Top of Recorded data

(* Let $(X,d)$ be a metric space and let $\sigma$ be a reversible conical bicombing on $X$. Let $(e,E(X))$ denote the injective hull of $X$. Then there exists a reversible conical bicombing $\bar{\sigma}$ on $E(X)$ such that \[ e(\sigma_{xy}(t))=\bar{\sigma}_{e(x)e(y)}(t) \] for all $(x,y,t)\in X\times X\times[0,1]$.
   Context: A (geodesic) bicombing on a metric space $(X,d)$ is a map $\sigma\colon X\times X\times[0,1]\to X$ such that for every $(x,y)$ the path $\sigma_{xy}(\cdot):=\sigma(x,y,\cdot)$ is a metric geodesic from $x$ to $y$, i.e. $\sigma_{xy}(0)=x$, $\sigma_{xy}(1)=y$ and $d(\sigma_{xy}(s),\sigma_{xy}(t))=|s-t|\,d(x,y)$. It is conical if $d(\sigma_{xy}(t),\sigma_{x'y'}(t))\le (1-t)d(x,x')+t\,d(y,y')$ for all $x,y,x',y'\in X$, $t\in[0,1]$, and reversible if $\sigma_{xy}(t)=\sigma_{yx}(1-t)$ for all $x,y,t$. A metric space $Y$ is injective if for every metric space $B$, subset $A\subset B$ and 1-Lipschitz map $f\colon A\to Y$ there is a 1-Lipschitz extension $\bar f\colon B\to Y$. An injective hull of $X$ is a pair $(e,E(X))$ where $E(X)$ is an injective metric space and $e\colon X\to E(X)$ is an isometric embedding such that any 1-Lipschitz map $f\colon E(X)\to Z$ into a metric space $Z$ is an isometric embedding whenever $f\circ e$ is an isometric embedding. *)

theory Defs
  imports "HOL-Analysis.Analysis"
begin

definition geodesic_path :: "'a metric \<Rightarrow> (real \<Rightarrow> 'a) \<Rightarrow> 'a \<Rightarrow> 'a \<Rightarrow> bool" where
  "geodesic_path m p x y \<longleftrightarrow>
     p 0 = x \<and> p 1 = y \<and> (\<forall>s\<in>{0..1}. p s \<in> mspace m) \<and>
     (\<forall>s\<in>{0..1}. \<forall>t\<in>{0..1}. mdist m (p s) (p t) = \<bar>s - t\<bar> * mdist m x y)"

definition bicombing :: "'a metric \<Rightarrow> ('a \<Rightarrow> 'a \<Rightarrow> real \<Rightarrow> 'a) \<Rightarrow> bool" where
  "bicombing m \<sigma> \<longleftrightarrow> (\<forall>x\<in>mspace m. \<forall>y\<in>mspace m. geodesic_path m (\<sigma> x y) x y)"

definition conical_bicombing :: "'a metric \<Rightarrow> ('a \<Rightarrow> 'a \<Rightarrow> real \<Rightarrow> 'a) \<Rightarrow> bool" where
  "conical_bicombing m \<sigma> \<longleftrightarrow> bicombing m \<sigma> \<and>
     (\<forall>x\<in>mspace m. \<forall>y\<in>mspace m. \<forall>x'\<in>mspace m. \<forall>y'\<in>mspace m. \<forall>t\<in>{0..1}.
        mdist m (\<sigma> x y t) (\<sigma> x' y' t) \<le> (1 - t) * mdist m x x' + t * mdist m y y')"

definition reversible_bicombing :: "'a metric \<Rightarrow> ('a \<Rightarrow> 'a \<Rightarrow> real \<Rightarrow> 'a) \<Rightarrow> bool" where
  "reversible_bicombing m \<sigma> \<longleftrightarrow> bicombing m \<sigma> \<and>
     (\<forall>x\<in>mspace m. \<forall>y\<in>mspace m. \<forall>t\<in>{0..1}. \<sigma> x y t = \<sigma> y x (1 - t))"

definition lip1_on :: "'a metric \<Rightarrow> 'b metric \<Rightarrow> 'a set \<Rightarrow> ('a \<Rightarrow> 'b) \<Rightarrow> bool" where
  "lip1_on m1 m2 A f \<longleftrightarrow> f ` A \<subseteq> mspace m2 \<and>
     (\<forall>a\<in>A. \<forall>b\<in>A. mdist m2 (f a) (f b) \<le> mdist m1 a b)"

definition isometric_embedding :: "'a metric \<Rightarrow> 'b metric \<Rightarrow> ('a \<Rightarrow> 'b) \<Rightarrow> bool" where
  "isometric_embedding m1 m2 f \<longleftrightarrow> f ` mspace m1 \<subseteq> mspace m2 \<and>
     (\<forall>a\<in>mspace m1. \<forall>b\<in>mspace m1. mdist m2 (f a) (f b) = mdist m1 a b)"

Bottom of Recorded data

Show a copy of each line from the data that includes the word "mdist".

* **Result**:
     (\<forall>s\<in>{0..1}. \<forall>t\<in>{0..1}. mdist m (p s) (p t) = \<bar>s - t\<bar> * mdist m x y)"
        mdist m (\<sigma> x y t) (\<sigma> x' y' t) \<le> (1 - t) * mdist m x x' + t * mdist m y y')"
     (\<forall>a\<in>A. \<forall>b\<in>A. mdist m2 (f a) (f b) \<le> mdist m1 a b)"
     (\<forall>a\<in>mspace m1. \<forall>b\<in>mspace m1. mdist m2 (f a) (f b) = mdist m1 a b)"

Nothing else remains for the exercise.